*** Data for analysis ***

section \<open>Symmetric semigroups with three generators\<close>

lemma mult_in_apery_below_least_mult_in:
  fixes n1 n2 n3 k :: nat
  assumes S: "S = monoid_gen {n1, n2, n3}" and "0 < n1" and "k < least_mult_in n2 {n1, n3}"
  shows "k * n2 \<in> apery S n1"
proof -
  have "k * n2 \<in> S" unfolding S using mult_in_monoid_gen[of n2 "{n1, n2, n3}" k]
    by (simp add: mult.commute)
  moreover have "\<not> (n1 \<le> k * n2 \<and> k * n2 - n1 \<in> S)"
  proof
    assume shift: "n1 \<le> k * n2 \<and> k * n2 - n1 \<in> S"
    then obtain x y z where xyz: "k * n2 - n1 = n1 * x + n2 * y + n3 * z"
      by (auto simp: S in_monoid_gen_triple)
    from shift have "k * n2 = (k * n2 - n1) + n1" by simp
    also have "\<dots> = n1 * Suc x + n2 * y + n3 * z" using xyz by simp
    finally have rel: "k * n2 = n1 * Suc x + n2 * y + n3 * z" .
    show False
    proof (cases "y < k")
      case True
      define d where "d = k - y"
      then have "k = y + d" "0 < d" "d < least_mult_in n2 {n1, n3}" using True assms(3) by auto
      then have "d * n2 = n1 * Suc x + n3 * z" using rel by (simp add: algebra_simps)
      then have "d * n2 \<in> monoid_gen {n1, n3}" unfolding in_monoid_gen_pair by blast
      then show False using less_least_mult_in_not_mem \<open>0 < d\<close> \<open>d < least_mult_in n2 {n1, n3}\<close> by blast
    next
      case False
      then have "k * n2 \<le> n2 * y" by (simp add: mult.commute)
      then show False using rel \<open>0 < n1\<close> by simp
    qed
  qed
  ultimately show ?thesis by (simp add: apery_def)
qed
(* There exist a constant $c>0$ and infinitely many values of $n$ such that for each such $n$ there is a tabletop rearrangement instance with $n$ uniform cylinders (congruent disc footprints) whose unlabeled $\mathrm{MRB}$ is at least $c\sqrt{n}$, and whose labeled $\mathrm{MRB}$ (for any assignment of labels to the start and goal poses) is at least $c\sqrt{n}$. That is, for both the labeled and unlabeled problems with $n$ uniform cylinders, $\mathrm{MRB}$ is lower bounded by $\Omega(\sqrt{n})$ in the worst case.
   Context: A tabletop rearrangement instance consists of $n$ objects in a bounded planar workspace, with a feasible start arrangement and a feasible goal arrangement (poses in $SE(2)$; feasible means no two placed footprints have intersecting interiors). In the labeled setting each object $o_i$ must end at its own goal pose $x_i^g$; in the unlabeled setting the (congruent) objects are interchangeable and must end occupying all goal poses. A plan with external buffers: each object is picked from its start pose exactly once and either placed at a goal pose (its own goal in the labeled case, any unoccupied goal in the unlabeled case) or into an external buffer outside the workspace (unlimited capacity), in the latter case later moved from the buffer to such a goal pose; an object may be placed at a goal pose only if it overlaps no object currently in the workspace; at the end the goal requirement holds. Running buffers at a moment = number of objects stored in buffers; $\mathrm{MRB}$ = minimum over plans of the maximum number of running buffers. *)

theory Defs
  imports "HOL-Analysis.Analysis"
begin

***
*** Data for analysis ***

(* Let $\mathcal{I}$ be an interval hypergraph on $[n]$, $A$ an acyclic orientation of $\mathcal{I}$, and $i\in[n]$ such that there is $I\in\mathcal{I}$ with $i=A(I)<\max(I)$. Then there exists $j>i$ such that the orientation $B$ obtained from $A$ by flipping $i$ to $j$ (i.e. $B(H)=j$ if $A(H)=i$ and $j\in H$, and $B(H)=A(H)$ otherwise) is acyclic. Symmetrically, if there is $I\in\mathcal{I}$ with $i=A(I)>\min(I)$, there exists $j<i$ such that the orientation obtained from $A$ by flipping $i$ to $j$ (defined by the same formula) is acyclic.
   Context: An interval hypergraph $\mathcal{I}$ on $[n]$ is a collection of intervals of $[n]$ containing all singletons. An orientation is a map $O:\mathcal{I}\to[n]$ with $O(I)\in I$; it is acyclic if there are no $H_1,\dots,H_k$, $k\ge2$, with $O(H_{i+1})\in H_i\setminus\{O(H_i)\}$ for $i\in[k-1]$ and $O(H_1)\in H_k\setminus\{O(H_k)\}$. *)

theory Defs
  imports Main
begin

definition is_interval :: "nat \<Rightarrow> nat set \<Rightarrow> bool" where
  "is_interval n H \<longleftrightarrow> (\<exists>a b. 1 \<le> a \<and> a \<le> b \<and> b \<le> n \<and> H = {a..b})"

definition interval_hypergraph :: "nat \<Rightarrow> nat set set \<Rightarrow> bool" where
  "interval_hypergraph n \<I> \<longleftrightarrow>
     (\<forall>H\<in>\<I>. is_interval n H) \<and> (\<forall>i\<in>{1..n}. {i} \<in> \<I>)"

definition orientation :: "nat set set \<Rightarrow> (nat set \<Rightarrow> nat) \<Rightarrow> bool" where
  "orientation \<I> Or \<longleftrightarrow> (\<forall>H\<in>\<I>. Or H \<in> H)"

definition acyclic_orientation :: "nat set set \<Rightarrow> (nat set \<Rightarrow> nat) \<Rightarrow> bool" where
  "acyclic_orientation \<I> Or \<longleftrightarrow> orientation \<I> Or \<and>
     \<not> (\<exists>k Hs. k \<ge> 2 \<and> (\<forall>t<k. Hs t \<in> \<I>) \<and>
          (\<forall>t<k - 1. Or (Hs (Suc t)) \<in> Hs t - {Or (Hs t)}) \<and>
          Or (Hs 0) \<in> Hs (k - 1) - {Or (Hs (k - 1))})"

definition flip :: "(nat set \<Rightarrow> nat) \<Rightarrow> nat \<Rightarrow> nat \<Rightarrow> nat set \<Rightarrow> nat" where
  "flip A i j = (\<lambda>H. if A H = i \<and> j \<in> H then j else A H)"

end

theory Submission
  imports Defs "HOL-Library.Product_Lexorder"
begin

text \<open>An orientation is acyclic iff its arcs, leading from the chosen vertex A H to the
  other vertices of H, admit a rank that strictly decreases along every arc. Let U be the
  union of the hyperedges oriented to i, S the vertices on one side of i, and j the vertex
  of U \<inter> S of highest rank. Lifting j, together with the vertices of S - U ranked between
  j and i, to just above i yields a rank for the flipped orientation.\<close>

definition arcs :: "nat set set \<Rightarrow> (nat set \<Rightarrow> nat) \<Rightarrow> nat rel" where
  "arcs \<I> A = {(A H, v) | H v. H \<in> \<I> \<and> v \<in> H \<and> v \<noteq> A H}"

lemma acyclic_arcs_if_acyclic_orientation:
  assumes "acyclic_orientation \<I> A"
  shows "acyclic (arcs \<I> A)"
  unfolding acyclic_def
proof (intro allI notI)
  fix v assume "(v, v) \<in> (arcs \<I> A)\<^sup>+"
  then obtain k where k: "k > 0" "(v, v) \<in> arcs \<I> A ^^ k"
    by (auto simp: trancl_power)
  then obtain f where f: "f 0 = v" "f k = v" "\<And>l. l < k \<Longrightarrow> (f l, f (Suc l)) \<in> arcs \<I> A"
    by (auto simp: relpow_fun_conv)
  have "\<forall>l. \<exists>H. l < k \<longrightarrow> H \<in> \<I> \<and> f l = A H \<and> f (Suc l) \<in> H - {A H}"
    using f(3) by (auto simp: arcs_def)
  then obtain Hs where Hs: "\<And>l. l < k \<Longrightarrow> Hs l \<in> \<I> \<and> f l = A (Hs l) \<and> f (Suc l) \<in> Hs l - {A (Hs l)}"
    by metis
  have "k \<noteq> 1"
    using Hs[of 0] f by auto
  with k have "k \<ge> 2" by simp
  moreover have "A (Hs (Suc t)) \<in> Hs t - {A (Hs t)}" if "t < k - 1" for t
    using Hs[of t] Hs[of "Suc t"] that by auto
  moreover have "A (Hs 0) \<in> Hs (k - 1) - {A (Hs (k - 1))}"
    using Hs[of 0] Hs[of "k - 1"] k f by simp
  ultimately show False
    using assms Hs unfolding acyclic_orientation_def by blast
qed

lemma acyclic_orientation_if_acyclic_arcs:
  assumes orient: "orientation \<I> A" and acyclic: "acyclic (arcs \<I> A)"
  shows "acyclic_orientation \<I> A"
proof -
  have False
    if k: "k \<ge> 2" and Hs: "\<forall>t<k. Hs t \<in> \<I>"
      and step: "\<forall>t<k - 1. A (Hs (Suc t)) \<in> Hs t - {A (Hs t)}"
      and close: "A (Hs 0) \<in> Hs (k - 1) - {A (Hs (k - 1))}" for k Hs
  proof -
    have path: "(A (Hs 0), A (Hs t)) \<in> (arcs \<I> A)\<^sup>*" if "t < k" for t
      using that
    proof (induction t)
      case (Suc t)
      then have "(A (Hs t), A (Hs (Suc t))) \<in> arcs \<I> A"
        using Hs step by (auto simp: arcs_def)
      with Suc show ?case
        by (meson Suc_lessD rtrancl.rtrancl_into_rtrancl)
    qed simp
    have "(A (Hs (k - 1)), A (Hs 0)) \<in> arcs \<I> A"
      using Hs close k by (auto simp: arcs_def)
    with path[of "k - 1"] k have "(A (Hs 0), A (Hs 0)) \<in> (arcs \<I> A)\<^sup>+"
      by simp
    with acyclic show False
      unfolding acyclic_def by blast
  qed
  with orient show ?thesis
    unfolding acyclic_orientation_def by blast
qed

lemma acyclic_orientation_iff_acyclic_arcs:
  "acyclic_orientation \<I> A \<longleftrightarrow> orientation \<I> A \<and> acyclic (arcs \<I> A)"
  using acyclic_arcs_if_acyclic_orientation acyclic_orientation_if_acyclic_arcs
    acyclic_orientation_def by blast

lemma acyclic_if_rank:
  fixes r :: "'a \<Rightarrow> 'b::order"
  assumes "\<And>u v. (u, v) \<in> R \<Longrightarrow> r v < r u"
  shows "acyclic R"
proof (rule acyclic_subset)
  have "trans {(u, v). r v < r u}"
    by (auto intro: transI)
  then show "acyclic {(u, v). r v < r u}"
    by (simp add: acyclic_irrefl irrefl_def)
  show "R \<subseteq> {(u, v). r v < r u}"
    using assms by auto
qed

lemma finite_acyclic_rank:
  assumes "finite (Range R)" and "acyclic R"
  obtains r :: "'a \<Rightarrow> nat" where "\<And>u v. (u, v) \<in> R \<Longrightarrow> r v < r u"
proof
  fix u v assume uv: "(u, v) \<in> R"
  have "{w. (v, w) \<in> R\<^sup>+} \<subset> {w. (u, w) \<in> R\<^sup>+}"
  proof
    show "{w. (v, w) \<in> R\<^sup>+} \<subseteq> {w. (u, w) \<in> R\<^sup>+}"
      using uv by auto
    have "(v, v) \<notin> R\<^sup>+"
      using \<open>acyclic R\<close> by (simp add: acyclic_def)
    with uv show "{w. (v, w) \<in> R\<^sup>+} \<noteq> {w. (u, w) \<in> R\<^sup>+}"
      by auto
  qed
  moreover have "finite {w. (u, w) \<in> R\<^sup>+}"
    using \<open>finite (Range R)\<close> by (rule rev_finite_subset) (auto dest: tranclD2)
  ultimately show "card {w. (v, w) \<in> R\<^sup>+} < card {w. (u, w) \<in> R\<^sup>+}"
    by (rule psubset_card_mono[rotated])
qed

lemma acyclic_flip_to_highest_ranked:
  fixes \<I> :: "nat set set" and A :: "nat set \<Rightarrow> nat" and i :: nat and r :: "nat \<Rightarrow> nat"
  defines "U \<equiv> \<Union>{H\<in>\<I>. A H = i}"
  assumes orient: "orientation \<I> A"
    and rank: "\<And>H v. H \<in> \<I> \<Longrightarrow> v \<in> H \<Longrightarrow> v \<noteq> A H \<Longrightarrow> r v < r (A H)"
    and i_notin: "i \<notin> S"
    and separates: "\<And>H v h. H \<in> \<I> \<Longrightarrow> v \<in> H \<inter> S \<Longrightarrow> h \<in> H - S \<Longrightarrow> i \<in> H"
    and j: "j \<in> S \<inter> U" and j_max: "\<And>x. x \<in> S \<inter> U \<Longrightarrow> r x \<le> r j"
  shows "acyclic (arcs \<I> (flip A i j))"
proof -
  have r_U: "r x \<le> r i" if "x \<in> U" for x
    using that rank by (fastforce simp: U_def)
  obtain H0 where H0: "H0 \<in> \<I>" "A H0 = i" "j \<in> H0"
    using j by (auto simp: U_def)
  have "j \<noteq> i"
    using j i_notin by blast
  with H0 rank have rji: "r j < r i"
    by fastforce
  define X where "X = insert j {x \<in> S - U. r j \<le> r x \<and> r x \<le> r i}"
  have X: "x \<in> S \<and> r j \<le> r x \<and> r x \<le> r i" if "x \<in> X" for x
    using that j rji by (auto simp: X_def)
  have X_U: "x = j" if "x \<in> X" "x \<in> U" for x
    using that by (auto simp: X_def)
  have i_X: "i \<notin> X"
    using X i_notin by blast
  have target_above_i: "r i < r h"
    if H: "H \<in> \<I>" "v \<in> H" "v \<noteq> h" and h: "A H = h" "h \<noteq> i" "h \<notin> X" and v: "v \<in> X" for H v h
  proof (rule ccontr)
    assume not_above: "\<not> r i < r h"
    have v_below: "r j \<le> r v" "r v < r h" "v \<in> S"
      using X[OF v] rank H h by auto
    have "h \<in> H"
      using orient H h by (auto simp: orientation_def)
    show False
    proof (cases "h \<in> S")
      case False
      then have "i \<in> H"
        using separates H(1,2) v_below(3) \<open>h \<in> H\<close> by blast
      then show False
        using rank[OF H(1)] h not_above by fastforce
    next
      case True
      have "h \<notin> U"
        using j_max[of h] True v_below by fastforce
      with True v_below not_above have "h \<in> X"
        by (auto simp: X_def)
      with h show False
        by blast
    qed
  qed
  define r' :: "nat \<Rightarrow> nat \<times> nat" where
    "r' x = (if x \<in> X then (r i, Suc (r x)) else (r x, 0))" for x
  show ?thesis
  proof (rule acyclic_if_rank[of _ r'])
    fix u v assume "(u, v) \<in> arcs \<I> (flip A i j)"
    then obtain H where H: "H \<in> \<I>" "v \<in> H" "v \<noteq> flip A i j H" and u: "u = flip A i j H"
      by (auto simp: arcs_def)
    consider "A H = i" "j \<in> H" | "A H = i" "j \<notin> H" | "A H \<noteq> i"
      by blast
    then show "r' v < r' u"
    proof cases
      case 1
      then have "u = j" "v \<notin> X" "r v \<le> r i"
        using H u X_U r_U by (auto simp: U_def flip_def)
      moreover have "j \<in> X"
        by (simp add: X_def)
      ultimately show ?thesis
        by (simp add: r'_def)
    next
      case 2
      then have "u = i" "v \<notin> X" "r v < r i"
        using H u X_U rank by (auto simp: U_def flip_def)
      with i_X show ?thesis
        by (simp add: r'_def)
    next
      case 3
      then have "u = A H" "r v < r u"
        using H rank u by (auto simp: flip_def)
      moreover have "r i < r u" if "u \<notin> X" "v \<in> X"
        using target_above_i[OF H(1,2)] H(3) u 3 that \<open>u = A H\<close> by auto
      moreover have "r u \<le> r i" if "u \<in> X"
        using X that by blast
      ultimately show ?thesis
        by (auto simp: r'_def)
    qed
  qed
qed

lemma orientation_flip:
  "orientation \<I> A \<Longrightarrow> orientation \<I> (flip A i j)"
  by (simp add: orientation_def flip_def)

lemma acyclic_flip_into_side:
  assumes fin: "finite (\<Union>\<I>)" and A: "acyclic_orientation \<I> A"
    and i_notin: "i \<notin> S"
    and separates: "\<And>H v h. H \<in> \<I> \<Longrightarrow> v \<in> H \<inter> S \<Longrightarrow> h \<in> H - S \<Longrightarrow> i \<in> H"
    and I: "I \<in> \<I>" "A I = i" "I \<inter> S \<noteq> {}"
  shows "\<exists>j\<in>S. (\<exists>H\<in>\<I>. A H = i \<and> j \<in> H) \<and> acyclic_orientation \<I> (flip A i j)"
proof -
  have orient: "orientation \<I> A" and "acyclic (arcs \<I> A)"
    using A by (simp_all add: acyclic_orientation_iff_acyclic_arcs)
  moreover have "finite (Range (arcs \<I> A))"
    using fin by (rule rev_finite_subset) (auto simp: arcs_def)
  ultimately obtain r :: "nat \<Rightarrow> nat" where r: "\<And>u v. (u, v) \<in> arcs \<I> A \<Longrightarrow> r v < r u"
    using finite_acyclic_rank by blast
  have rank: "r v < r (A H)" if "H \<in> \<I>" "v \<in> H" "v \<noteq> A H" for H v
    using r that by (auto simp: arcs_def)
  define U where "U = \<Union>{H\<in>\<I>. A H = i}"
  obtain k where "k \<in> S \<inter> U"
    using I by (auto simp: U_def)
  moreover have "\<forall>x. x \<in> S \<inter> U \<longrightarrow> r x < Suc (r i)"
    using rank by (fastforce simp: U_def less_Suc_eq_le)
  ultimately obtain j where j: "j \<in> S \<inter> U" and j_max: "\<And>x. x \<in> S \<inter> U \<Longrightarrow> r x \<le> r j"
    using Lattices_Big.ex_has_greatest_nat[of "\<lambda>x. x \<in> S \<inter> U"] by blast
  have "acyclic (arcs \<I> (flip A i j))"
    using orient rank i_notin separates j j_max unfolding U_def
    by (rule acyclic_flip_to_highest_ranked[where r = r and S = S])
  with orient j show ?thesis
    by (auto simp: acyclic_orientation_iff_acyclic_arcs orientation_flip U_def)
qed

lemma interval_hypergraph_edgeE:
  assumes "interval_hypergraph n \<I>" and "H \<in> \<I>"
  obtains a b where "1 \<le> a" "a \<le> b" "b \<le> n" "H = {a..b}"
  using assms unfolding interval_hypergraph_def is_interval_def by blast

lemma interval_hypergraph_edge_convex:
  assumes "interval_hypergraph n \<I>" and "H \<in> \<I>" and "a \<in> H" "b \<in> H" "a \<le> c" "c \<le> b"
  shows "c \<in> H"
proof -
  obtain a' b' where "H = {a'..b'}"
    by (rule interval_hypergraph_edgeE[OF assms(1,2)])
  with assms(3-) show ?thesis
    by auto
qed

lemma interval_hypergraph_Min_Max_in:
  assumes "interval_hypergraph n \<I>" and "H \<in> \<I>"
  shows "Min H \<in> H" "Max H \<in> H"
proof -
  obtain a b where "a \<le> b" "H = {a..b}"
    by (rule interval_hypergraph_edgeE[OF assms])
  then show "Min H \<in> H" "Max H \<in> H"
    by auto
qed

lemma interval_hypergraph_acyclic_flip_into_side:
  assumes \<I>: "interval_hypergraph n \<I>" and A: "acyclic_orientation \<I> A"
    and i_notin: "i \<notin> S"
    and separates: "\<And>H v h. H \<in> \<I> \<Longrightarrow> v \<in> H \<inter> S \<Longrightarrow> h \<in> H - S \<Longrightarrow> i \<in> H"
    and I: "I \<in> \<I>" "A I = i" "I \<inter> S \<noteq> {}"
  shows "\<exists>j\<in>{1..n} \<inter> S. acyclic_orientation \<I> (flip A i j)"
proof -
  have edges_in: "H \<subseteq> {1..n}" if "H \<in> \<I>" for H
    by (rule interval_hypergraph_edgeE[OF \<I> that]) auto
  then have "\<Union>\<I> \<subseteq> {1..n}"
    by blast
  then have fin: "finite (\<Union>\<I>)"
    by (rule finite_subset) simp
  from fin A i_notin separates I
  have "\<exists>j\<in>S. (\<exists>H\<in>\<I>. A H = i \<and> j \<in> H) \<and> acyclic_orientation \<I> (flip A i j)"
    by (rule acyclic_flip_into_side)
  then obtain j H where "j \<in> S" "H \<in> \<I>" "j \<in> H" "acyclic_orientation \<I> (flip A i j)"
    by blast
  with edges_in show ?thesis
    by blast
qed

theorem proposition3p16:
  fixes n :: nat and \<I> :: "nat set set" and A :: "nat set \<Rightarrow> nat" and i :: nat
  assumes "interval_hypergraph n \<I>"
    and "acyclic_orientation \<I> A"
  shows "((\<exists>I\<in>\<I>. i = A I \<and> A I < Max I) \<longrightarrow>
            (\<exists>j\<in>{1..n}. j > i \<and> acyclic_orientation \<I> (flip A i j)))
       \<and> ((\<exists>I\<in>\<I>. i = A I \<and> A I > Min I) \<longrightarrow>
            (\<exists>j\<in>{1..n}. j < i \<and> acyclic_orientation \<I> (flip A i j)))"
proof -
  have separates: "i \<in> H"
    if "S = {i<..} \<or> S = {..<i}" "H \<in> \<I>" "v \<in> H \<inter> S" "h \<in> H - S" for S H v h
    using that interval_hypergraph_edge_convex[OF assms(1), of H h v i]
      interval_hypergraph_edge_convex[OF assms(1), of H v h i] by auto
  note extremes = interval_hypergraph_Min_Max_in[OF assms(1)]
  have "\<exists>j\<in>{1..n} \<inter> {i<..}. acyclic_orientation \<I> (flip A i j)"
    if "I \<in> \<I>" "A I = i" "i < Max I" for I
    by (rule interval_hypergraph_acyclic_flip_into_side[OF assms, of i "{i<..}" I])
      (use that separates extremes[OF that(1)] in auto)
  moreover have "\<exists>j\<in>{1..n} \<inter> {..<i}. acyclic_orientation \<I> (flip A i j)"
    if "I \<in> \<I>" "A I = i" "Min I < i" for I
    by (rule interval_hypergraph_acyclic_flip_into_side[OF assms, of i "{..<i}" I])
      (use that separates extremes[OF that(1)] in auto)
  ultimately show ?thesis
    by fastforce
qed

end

***

Exercise prompt> Copy all lines from the data above that contain the word "noteq".

Task output>
  "arcs \<I> A = {(A H, v) | H v. H \<in> \<I> \<and> v \<in> H \<and> v \<noteq> A H}"
  have "k \<noteq> 1"
    with uv show "{w. (v, w) \<in> R\<^sup>+} \<noteq> {w. (u, w) \<in> R\<^sup>+}"
    and rank: "\<And>H v. H \<in> \<I> \<Longrightarrow> v \<in> H \<Longrightarrow> v \<noteq> A H \<Longrightarrow> r v < r (A H)"
  have "j \<noteq> i"
    if H: "H \<in> \<I>" "v \<in> H" "v \<noteq> h" and h: "A H = h" "h \<noteq> i" "h \<notin> X" and v: "v \<in> X" for H v h
    then obtain H where H: "H \<in> \<I>" "v \<in> H" "v \<noteq> flip A i j H" and u: "u = flip A i j H"
    consider "A H = i" "j \<in> H" | "A H = i" "j \<notin> H" | "A H \<noteq> i"
    and I: "I \<in> \<I>" "A I = i" "I \<inter> S \<noteq> {}"
  have rank: "r v < r (A H)" if "H \<in> \<I>" "v \<in> H" "v \<noteq> A H" for H v
    and I: "I \<in> \<I>" "A I = i" "I \<inter> S \<noteq> {}"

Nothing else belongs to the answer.